Nonetheless, we can see similarities and differences with the Lingam's notion of the Causal, his version of the virtual. It is more like DeLanda and Deleuze in that it is a sort of timeless continuum within which the actual manifests. But unlike them his is unchanging and of a "radically different order,"* i.e., not immanent. And ironically one might argue that his different orders relate to the difference between epistemology and ontology, relative and absolute, which he most certainly does separate and divide contrary to his claims in this thread.
* Excerpt G, p. 33: The two truths "are of radically different orders.... Conventional truths are known by science; absolute truth is known by satori. They simply are not the same thing."
Given the recent discussion of time above I came upon this scientific article today. Some excerpts with lengthy citations removed:
"A popular model for the representation of time in the brain posits the existence of a single, central-clock. In that framework, temporal distortions in perception are explained by contracting or expanding time over a given interval. We here present evidence for an alternative account, one which proposes multiple independent timelines coexisting within the brain."

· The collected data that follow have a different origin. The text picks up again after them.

(* Let $\Omega=\{x\in\mathbb{R}^n: x^L\le x\le x^U\}$ with $x^L,x^U\in\mathbb{R}^n$ and $x^L_i<x^U_i$ for $i=1,\ldots,n$. Given any $x\in\Omega$ and $\alpha>0$, define $\alpha_{-i}:=\min(\alpha,x_i-x^L_i)$ and $\alpha_i:=\min(\alpha,x^U_i-x_i)$ for $i=1,\ldots,n$, and let $\mathcal{D}:=\bigcup_{i=1}^n\{-\alpha_{-i}e_i,\ \alpha_ie_i\}$, where $e_i$ are the coordinate vectors. Then $\mathcal{D}$ is a $\Lambda$-positive spanning set for $B(x,\alpha)\cap\Omega$ with $$\Lambda=\min\left[n,\ \frac{\sqrt n\,\alpha}{\min\left\{\alpha,\ \min_{i:\,x_i\neq x^L_i}(x_i-x^L_i),\ \min_{i:\,x_i\neq x^U_i}(x^U_i-x_i)\right\}}\right].$$
   Context: $\|\cdot\|$ is the Euclidean norm, $B(y,r)=\{z:\|z-y\|\le r\}$. Given $x\in\Omega$, $\alpha>0$, $\Lambda\ge0$, a set $\{d_1,\ldots,d_p\}\subset\mathbb{R}^n$ is a $\Lambda$-positive spanning set for $B(x,\alpha)\cap\Omega$ if $x+d_i\in\Omega$ for all $i$ and, for every $v\in\mathbb{R}^n$ with $x+v\in\Omega$ and $\|v\|\le\alpha$, there exists $c\in\mathbb{R}^p$ with $c\ge0$, $v=\sum_ic_id_i$ and $\|c\|_1\le\Lambda$. (Directions with $\alpha_{\pm i}=0$ are zero vectors in $\mathcal{D}$.) *)

theory Defs
  imports "HOL-Analysis.Analysis"
begin

definition pos_spanning_set ::
  "real \<Rightarrow> ('a::real_normed_vector) set \<Rightarrow> 'a \<Rightarrow> real \<Rightarrow> 'a set \<Rightarrow> bool" where
  "pos_spanning_set Lam D x alpha Omega \<longleftrightarrow>
     finite D \<and> (\<forall>d\<in>D. x + d \<in> Omega) \<and>
     (\<forall>v. x + v \<in> Omega \<and> norm v \<le> alpha \<longrightarrow>
        (\<exists>c. (\<forall>d\<in>D. c d \<ge> 0) \<and> v = (\<Sum>d\<in>D. c d *\<^sub>R d) \<and> (\<Sum>d\<in>D. \<bar>c d\<bar>) \<le> Lam))"

definition box_set :: "real^'n \<Rightarrow> real^'n \<Rightarrow> (real^'n) set" where
  "box_set xL xU = {y. \<forall>i. xL $ i \<le> y $ i \<and> y $ i \<le> xU $ i}"

definition coord_dirs :: "real^'n \<Rightarrow> real^'n \<Rightarrow> real^'n \<Rightarrow> real \<Rightarrow> (real^'n) set" where
  "coord_dirs xL xU x alpha =
     (\<Union>i. {- (min alpha (x $ i - xL $ i)) *\<^sub>R axis i 1, (min alpha (xU $ i - x $ i)) *\<^sub>R axis i 1})"

definition Lambda_bound :: "real^'n \<Rightarrow> real^'n \<Rightarrow> real^'n \<Rightarrow> real \<Rightarrow> real" where
  "Lambda_bound xL xU x alpha =
     min (real CARD('n))
       (sqrt (real CARD('n)) * alpha /
         Min ({alpha} \<union> {x $ i - xL $ i | i. x $ i \<noteq> xL $ i}
                      \<union> {xU $ i - x $ i | i. x $ i \<noteq> xU $ i}))"

end

theory Submission
  imports Defs
begin

text \<open>Split v coordinatewise into positive and negative parts and write the positive part of
  v_i as a multiple of the step alpha_i e_i and the negative part as a multiple of the step
  -alpha_{-i} e_i. Since x + v stays in the box and |v_i| <= alpha, these parts never exceed the
  step lengths, so each coordinate costs at most 1, giving the bound n. A step that is actually
  used has length at least the minimum m in the denominator of Lambda, so the total cost is also
  at most |v|_1 / m <= sqrt n |v| / m <= sqrt n alpha / m.\<close>

lemma pos_spanning_setI:
  fixes u :: "'k \<Rightarrow> 'a::real_normed_vector"
  assumes "finite D" and "finite K" and "u ` K \<subseteq> D" and "\<forall>d\<in>D. x + d \<in> Omega"
    and combination: "\<And>v. x + v \<in> Omega \<Longrightarrow> norm v \<le> alpha \<Longrightarrow>
      \<exists>t. (\<forall>k\<in>K. 0 \<le> t k) \<and> v = (\<Sum>k\<in>K. t k *\<^sub>R u k) \<and> (\<Sum>k\<in>K. t k) \<le> Lam"
  shows "pos_spanning_set Lam D x alpha Omega"
  unfolding pos_spanning_set_def
proof (intro conjI allI impI)
  fix v assume "x + v \<in> Omega \<and> norm v \<le> alpha"
  then obtain t where t_nonneg: "\<forall>k\<in>K. 0 \<le> t k" and v: "v = (\<Sum>k\<in>K. t k *\<^sub>R u k)"
      and t_sum: "(\<Sum>k\<in>K. t k) \<le> Lam"
    using combination by blast
  \<comment> \<open>the u k need not be distinct, so the weights of coinciding directions are merged\<close>
  define c where "c d = (\<Sum>k\<in>{k \<in> K. u k = d}. t k)" for d
  have c_nonneg: "0 \<le> c d" for d
    unfolding c_def using t_nonneg by (intro sum_nonneg) auto
  have "(\<Sum>d\<in>D. c d *\<^sub>R d) = (\<Sum>d\<in>D. \<Sum>k\<in>{k \<in> K. u k = d}. t k *\<^sub>R u k)"
    unfolding c_def scaleR_sum_left by (intro sum.cong) auto
  also have "\<dots> = v"
    unfolding v by (rule sum.group[OF assms(2,1,3)])
  finally have v_eq: "v = (\<Sum>d\<in>D. c d *\<^sub>R d)" ..
  have "(\<Sum>d\<in>D. \<bar>c d\<bar>) = (\<Sum>k\<in>K. t k)"
    using c_nonneg unfolding c_def by (simp add: sum.group[OF assms(2,1,3)])
  with t_sum have "(\<Sum>d\<in>D. \<bar>c d\<bar>) \<le> Lam" by simp
  with v_eq c_nonneg
  show "\<exists>c. (\<forall>d\<in>D. 0 \<le> c d) \<and> v = (\<Sum>d\<in>D. c d *\<^sub>R d) \<and> (\<Sum>d\<in>D. \<bar>c d\<bar>) \<le> Lam"
    by (intro exI[of _ c] conjI ballI)
qed (use assms(1,4) in auto)

lemma sum_UNIV_prod_bool:
  "(\<Sum>p\<in>UNIV. f p) = (\<Sum>i\<in>UNIV. f (i, True) + f (i, False))"
proof -
  have "(\<Sum>p\<in>UNIV. f p) = (\<Sum>p\<in>UNIV \<times> UNIV. f p)"
    by simp
  also have "\<dots> = (\<Sum>i\<in>UNIV. \<Sum>up\<in>UNIV. f (i, up))"
    by (simp add: sum.cartesian_product)
  finally show ?thesis
    by (simp add: UNIV_bool add.commute)
qed

lemma signed_step_coeffs:
  fixes y a b m :: real
  assumes "- b \<le> y" and "y \<le> a"
  defines "p \<equiv> max y 0 / a" and "q \<equiv> max (- y) 0 / b"
  shows "0 \<le> p" and "0 \<le> q" and "p * a - q * b = y" and "p + q \<le> 1"
    and "0 < m \<Longrightarrow> (0 < y \<Longrightarrow> m \<le> a) \<Longrightarrow> (y < 0 \<Longrightarrow> m \<le> b) \<Longrightarrow> p + q \<le> \<bar>y\<bar> / m"
proof -
  consider (pos) "0 < y" "p = y / a" "q = 0" | (neg) "y < 0" "p = 0" "q = - y / b"
    | (zero) "y = 0" "p = 0" "q = 0"
    unfolding p_def q_def by (cases y "0::real" rule: linorder_cases) auto
  note sign_cases = this
  show "0 \<le> p" using sign_cases assms(2) by cases auto
  show "0 \<le> q" using sign_cases assms(1) by cases (auto simp: divide_le_0_iff)
  show "p * a - q * b = y" using sign_cases assms(1,2) by cases auto
  show "p + q \<le> 1" using sign_cases assms(1,2) by cases (auto simp: le_divide_eq)
  show "p + q \<le> \<bar>y\<bar> / m" if "0 < m" "0 < y \<Longrightarrow> m \<le> a" "y < 0 \<Longrightarrow> m \<le> b"
    using sign_cases
  proof cases
    case pos
    then show ?thesis using that by (auto intro: divide_left_mono)
  next
    case neg
    then have "- y / b \<le> - y / m" using that by (intro divide_left_mono) auto
    with neg show ?thesis by simp
  qed simp
qed

lemma sum_abs_le_sqrt_card_L2_set:
  "(\<Sum>i\<in>A. \<bar>f i\<bar>) \<le> sqrt (real (card A)) * L2_set f A"
  using L2_set_mult_ineq[of f "\<lambda>_. 1" A] by (simp add: L2_set_constant mult.commute)

lemma sum_abs_le_sqrt_card_norm:
  fixes v :: "real^'n"
  shows "(\<Sum>i\<in>UNIV. \<bar>v $ i\<bar>) \<le> sqrt (real CARD('n)) * norm v"
  using sum_abs_le_sqrt_card_L2_set[of "\<lambda>i. \<bar>v $ i\<bar>" UNIV] by (simp add: norm_vec_def)

definition step_up :: "real^'n \<Rightarrow> real^'n \<Rightarrow> real \<Rightarrow> 'n \<Rightarrow> real" where
  "step_up xU x alpha i = min alpha (xU $ i - x $ i)"

definition step_down :: "real^'n \<Rightarrow> real^'n \<Rightarrow> real \<Rightarrow> 'n \<Rightarrow> real" where
  "step_down xL x alpha i = min alpha (x $ i - xL $ i)"

definition coord_dir :: "real^'n \<Rightarrow> real^'n \<Rightarrow> real^'n \<Rightarrow> real \<Rightarrow> 'n \<times> bool \<Rightarrow> real^'n" where
  "coord_dir xL xU x alpha = (\<lambda>(i, up).
     (if up then step_up xU x alpha i else - step_down xL x alpha i) *\<^sub>R axis i 1)"

lemma coord_dirs_eq_range: "coord_dirs xL xU x alpha = range (coord_dir xL xU x alpha)"
proof -
  have "range (coord_dir xL xU x alpha) =
    (\<Union>i. {coord_dir xL xU x alpha (i, False), coord_dir xL xU x alpha (i, True)})"
    by (auto simp: image_iff) (metis (full_types) surj_pair)
  then show ?thesis
    by (simp add: coord_dirs_def coord_dir_def step_up_def step_down_def)
qed

lemma coord_dir_in_box:
  assumes "x \<in> box_set xL xU" and "0 \<le> alpha"
  shows "x + coord_dir xL xU x alpha p \<in> box_set xL xU"
proof -
  obtain i up where p: "p = (i, up)" by fastforce
  have x_bounds: "xL $ j \<le> x $ j" "x $ j \<le> xU $ j" for j
    using assms(1) by (auto simp: box_set_def)
  have "0 \<le> step_up xU x alpha i" "step_up xU x alpha i \<le> xU $ i - x $ i"
    "0 \<le> step_down xL x alpha i" "step_down xL x alpha i \<le> x $ i - xL $ i"
    using x_bounds[of i] assms(2) by (auto simp: step_up_def step_down_def)
  with x_bounds show ?thesis
    by (auto simp: box_set_def coord_dir_def axis_def p)
qed

lemma step_bounds:
  assumes "x + v \<in> box_set xL xU" and "norm v \<le> alpha"
  shows "- step_down xL x alpha i \<le> v $ i" and "v $ i \<le> step_up xU x alpha i"
proof -
  have "xL $ i \<le> x $ i + v $ i" "x $ i + v $ i \<le> xU $ i"
    using assms(1) by (auto simp: box_set_def)
  moreover have "\<bar>v $ i\<bar> \<le> alpha"
    using assms(2) component_le_norm_cart[of v i] by simp
  ultimately show "- step_down xL x alpha i \<le> v $ i" "v $ i \<le> step_up xU x alpha i"
    by (auto simp: step_up_def step_down_def)
qed

definition min_step :: "real^'n \<Rightarrow> real^'n \<Rightarrow> real^'n \<Rightarrow> real \<Rightarrow> real" where
  "min_step xL xU x alpha = Min ({alpha} \<union> {x $ i - xL $ i | i. x $ i \<noteq> xL $ i}
                                    \<union> {xU $ i - x $ i | i. x $ i \<noteq> xU $ i})"

lemma Lambda_bound_eq_min_step:
  fixes xL xU x :: "real^'n"
  shows "Lambda_bound xL xU x alpha =
     min (real CARD('n)) (sqrt (real CARD('n)) * alpha / min_step xL xU x alpha)"
  unfolding Lambda_bound_def min_step_def ..

lemma min_step_pos:
  assumes "x \<in> box_set xL xU" and "0 < alpha"
  shows "0 < min_step xL xU x alpha"
  using assms unfolding min_step_def box_set_def
  by (subst Min_gr_iff) (auto simp: order_le_neq_trans)

lemma min_step_le_step_up:
  assumes "x + v \<in> box_set xL xU" and "0 < v $ i"
  shows "min_step xL xU x alpha \<le> step_up xU x alpha i"
proof -
  have "x $ i + v $ i \<le> xU $ i"
    using assms(1) by (simp add: box_set_def)
  with assms(2) have "x $ i \<noteq> xU $ i"
    by simp
  then show ?thesis
    unfolding min_step_def step_up_def by (auto intro!: Min_le)
qed

lemma min_step_le_step_down:
  assumes "x + v \<in> box_set xL xU" and "v $ i < 0"
  shows "min_step xL xU x alpha \<le> step_down xL x alpha i"
proof -
  have "xL $ i \<le> x $ i + v $ i"
    using assms(1) by (simp add: box_set_def)
  with assms(2) have "x $ i \<noteq> xL $ i"
    by simp
  then show ?thesis
    unfolding min_step_def step_down_def by (auto intro!: Min_le)
qed

lemma coord_dir_combination:
  fixes xL xU x v :: "real^'n"
  assumes "x \<in> box_set xL xU" and "0 < alpha" and "x + v \<in> box_set xL xU" and "norm v \<le> alpha"
  shows "\<exists>t. (\<forall>p\<in>UNIV. 0 \<le> t p) \<and> v = (\<Sum>p\<in>UNIV. t p *\<^sub>R coord_dir xL xU x alpha p) \<and>
    (\<Sum>p\<in>UNIV. t p) \<le> Lambda_bound xL xU x alpha"
proof -
  define a where "a = step_up xU x alpha"
  define b where "b = step_down xL x alpha"
  define m where "m = min_step xL xU x alpha"
  define t where "t = (\<lambda>(i, up). if up then max (v $ i) 0 / a i else max (- v $ i) 0 / b i)"
  have m_pos: "0 < m"
    unfolding m_def using assms(1,2) by (rule min_step_pos)
  have coeffs: "0 \<le> t (i, True)" "0 \<le> t (i, False)" "t (i, True) * a i - t (i, False) * b i = v $ i"
    "t (i, True) + t (i, False) \<le> 1" "t (i, True) + t (i, False) \<le> \<bar>v $ i\<bar> / m" for i
    using signed_step_coeffs[OF step_bounds[OF assms(3,4)]]
      signed_step_coeffs(5)[OF step_bounds[OF assms(3,4)] m_pos[unfolded m_def]
        min_step_le_step_up[OF assms(3)] min_step_le_step_down[OF assms(3)]]
    by (simp_all add: t_def a_def b_def m_def)
  have "(\<Sum>p\<in>UNIV. t p *\<^sub>R coord_dir xL xU x alpha p) =
      (\<Sum>i\<in>UNIV. (t (i, True) * a i - t (i, False) * b i) *\<^sub>R axis i 1)"
    by (simp add: sum_UNIV_prod_bool coord_dir_def a_def b_def scaleR_left_diff_distrib)
  also have "\<dots> = (\<Sum>i\<in>UNIV. v $ i *\<^sub>R axis i 1)"
    by (simp add: coeffs(3))
  also have "\<dots> = v"
    using basis_expansion[of v] by (simp add: scalar_mult_eq_scaleR)
  finally have decomposition: "v = (\<Sum>p\<in>UNIV. t p *\<^sub>R coord_dir xL xU x alpha p)" ..
  have sum_t: "(\<Sum>p\<in>UNIV. t p) = (\<Sum>i\<in>UNIV. t (i, True) + t (i, False))"
    by (rule sum_UNIV_prod_bool)
  have le_card: "(\<Sum>p\<in>UNIV. t p) \<le> real CARD('n)"
    unfolding sum_t using sum_mono[of UNIV "\<lambda>i. t (i, True) + t (i, False)" "\<lambda>_. 1"] coeffs(4)
    by simp
  have "(\<Sum>p\<in>UNIV. t p) \<le> (\<Sum>i\<in>UNIV. \<bar>v $ i\<bar> / m)"
    unfolding sum_t using coeffs(5) by (rule sum_mono)
  also have "\<dots> = (\<Sum>i\<in>UNIV. \<bar>v $ i\<bar>) / m"
    by (rule sum_divide_distrib[symmetric])
  also have "\<dots> \<le> sqrt (real CARD('n)) * norm v / m"
    using sum_abs_le_sqrt_card_norm[of v] m_pos by (intro divide_right_mono) auto
  also have "\<dots> \<le> sqrt (real CARD('n)) * alpha / m"
    using assms(4) m_pos by (intro divide_right_mono mult_left_mono) auto
  finally have "(\<Sum>p\<in>UNIV. t p) \<le> Lambda_bound xL xU x alpha"
    using le_card by (simp add: Lambda_bound_eq_min_step m_def)
  moreover have "0 \<le> t p" for p
    using coeffs(1,2) by (cases p; cases "snd p") auto
  ultimately show ?thesis
    using decomposition by (intro exI[of _ t] conjI ballI)
qed

theorem theorem5p1:
  fixes xL xU x :: "real^'n" and alpha :: real
  assumes "\<forall>i. xL $ i < xU $ i"
    and "x \<in> box_set xL xU"
    and "alpha > 0"
  shows "pos_spanning_set (Lambda_bound xL xU x alpha) (coord_dirs xL xU x alpha) x alpha (box_set xL xU)"
  unfolding coord_dirs_eq_range
proof (rule pos_spanning_setI[where K = UNIV and u = "coord_dir xL xU x alpha"])
  show "\<forall>d\<in>range (coord_dir xL xU x alpha). x + d \<in> box_set xL xU"
    using coord_dir_in_box assms(2,3) by fastforce
  show "\<exists>t. (\<forall>p\<in>UNIV. 0 \<le> t p) \<and> v = (\<Sum>p\<in>UNIV. t p *\<^sub>R coord_dir xL xU x alpha p) \<and>
      (\<Sum>p\<in>UNIV. t p) \<le> Lambda_bound xL xU x alpha"
    if "x + v \<in> box_set xL xU" and "norm v \<le> alpha" for v
    using assms(2,3) that by (rule coord_dir_combination)
qed simp_all

end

"We propose that our results are best explained by an appeal to multiple representations of time that coexist within the brain. Trapped by the assumption of a Cartesian theater in which sensory input is passively recorded, modern theories of brain time have largely avoided this framework. Mounting evidence, however, suggests that a single clock-rate model of perceptual time is untenable. Instead, different aspects of time appear to be underpinned by separate neural mechanisms that sometimes act in concert, but are not required to do so."
"Previous work has provided compelling evidence for the existence of independent motor and sensory timelines in the brain. The current experiment extends these findings and shows that individual sensory modalities have their own adjustable timelines.... In light of evidence from other labs, we suggest that a paradigm shift is underway within the field of time perception. Discarding the notion of a single central timer allows for novel frameworks and predictions that will force us to think critically about what it means for time to be represented in the brain."
A number of Torbert's writings are accessible here by typing in his name.
At the above link a number of Torbert's works have to do with collaborative inquiry. Which reminds me of John Heron's work in this regard, and his kennilingus criticisms e.g. here, which point to a collaborative or participatory integral spirituality, one of the points of this very forum.